● RECORDS PROVIDED
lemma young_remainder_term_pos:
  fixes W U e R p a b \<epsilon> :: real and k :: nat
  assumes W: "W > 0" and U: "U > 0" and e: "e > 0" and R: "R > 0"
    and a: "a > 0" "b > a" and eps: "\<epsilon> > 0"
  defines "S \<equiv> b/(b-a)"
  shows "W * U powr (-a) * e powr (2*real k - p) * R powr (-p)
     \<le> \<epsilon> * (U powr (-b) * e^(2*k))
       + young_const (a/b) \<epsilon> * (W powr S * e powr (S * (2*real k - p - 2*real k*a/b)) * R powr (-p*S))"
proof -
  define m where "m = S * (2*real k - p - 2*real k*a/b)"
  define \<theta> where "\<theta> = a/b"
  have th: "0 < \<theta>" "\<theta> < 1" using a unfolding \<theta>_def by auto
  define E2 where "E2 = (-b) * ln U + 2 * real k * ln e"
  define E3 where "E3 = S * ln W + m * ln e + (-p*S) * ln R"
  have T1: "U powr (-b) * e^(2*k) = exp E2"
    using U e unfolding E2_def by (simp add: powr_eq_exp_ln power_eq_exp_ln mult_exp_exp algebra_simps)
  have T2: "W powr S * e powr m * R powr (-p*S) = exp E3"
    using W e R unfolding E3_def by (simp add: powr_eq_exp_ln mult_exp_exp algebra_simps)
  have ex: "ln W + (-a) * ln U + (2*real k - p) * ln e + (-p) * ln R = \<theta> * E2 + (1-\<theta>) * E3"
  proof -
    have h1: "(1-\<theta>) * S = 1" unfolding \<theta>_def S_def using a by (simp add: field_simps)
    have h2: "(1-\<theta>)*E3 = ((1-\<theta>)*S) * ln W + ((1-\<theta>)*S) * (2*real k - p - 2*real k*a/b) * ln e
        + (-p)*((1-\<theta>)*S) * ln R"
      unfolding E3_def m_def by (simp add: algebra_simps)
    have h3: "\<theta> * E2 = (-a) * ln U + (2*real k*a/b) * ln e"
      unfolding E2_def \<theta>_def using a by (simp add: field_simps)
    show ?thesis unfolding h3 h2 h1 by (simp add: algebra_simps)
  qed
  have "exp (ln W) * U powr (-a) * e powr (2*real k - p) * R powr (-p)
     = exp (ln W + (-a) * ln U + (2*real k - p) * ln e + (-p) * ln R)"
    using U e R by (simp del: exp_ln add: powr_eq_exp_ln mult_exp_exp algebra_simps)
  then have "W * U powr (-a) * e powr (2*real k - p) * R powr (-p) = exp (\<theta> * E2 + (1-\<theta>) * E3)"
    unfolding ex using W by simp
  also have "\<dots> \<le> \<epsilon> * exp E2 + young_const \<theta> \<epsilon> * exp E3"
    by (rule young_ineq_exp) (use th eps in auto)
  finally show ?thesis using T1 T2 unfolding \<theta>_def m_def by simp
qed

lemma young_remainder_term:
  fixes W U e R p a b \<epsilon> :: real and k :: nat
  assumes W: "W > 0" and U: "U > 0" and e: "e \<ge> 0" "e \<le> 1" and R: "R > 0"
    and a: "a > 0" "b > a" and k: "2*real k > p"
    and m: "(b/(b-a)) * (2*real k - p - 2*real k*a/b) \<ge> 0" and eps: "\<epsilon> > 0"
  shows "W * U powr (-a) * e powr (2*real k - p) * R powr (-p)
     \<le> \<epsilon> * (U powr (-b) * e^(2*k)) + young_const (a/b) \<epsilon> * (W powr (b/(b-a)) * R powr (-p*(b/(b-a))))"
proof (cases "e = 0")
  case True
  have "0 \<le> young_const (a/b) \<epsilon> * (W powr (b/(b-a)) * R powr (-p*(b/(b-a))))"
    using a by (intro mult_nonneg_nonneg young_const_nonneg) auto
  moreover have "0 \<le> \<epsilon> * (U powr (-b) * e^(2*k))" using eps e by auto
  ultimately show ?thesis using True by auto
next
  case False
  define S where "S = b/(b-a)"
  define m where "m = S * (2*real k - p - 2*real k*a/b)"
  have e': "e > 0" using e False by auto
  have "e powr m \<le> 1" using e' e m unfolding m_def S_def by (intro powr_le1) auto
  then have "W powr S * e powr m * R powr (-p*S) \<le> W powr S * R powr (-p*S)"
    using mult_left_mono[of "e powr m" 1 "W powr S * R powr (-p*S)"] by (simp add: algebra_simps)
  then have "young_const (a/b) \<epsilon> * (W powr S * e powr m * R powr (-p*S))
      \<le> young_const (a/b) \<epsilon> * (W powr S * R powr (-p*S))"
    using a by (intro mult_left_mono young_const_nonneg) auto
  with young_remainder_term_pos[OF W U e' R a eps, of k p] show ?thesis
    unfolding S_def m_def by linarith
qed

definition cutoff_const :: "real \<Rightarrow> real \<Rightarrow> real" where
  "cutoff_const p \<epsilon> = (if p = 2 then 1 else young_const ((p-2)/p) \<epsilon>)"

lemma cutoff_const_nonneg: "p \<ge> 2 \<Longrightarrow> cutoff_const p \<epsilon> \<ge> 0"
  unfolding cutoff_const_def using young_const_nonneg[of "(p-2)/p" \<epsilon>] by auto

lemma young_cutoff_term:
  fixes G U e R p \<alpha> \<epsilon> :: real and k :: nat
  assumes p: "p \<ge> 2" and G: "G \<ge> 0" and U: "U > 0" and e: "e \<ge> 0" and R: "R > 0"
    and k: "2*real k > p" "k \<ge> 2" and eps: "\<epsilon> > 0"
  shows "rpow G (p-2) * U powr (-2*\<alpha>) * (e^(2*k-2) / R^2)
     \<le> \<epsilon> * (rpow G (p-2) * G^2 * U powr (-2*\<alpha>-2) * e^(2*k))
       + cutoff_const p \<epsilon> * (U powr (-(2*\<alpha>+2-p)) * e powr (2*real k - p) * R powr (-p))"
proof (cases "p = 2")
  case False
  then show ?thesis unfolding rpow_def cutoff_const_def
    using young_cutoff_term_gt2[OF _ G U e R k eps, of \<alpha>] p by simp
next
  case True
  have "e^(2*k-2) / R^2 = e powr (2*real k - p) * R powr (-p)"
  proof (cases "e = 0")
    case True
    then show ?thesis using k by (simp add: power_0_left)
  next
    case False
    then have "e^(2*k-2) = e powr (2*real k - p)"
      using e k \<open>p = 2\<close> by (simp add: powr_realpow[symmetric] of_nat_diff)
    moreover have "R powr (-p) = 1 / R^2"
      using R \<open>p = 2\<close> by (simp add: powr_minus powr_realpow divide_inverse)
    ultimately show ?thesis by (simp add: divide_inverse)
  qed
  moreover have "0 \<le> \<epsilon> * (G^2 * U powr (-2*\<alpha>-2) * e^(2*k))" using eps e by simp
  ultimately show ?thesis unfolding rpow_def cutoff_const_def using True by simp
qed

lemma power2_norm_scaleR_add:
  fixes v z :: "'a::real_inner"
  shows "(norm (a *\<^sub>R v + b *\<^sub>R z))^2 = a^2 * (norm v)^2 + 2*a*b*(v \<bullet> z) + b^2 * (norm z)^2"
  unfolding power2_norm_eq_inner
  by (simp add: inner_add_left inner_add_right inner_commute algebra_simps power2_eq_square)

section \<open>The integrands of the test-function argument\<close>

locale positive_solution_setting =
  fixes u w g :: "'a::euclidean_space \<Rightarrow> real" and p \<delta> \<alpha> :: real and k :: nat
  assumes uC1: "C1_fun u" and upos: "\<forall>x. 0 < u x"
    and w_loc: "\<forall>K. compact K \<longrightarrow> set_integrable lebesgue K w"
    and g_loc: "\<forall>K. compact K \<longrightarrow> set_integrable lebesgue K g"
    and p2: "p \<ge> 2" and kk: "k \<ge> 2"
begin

● TASK DESCRIPTION
Copy all lines from the data that hold the word "where".

● FINAL ANSWER
  define m where "m = S * (2*real k - p - 2*real k*a/b)"
  define \<theta> where "\<theta> = a/b"
  define E2 where "E2 = (-b) * ln U + 2 * real k * ln e"
  define E3 where "E3 = S * ln W + m * ln e + (-p*S) * ln R"
  define S where "S = b/(b-a)"
  define m where "m = S * (2*real k - p - 2*real k*a/b)"
definition cutoff_const :: "real \<Rightarrow> real \<Rightarrow> real" where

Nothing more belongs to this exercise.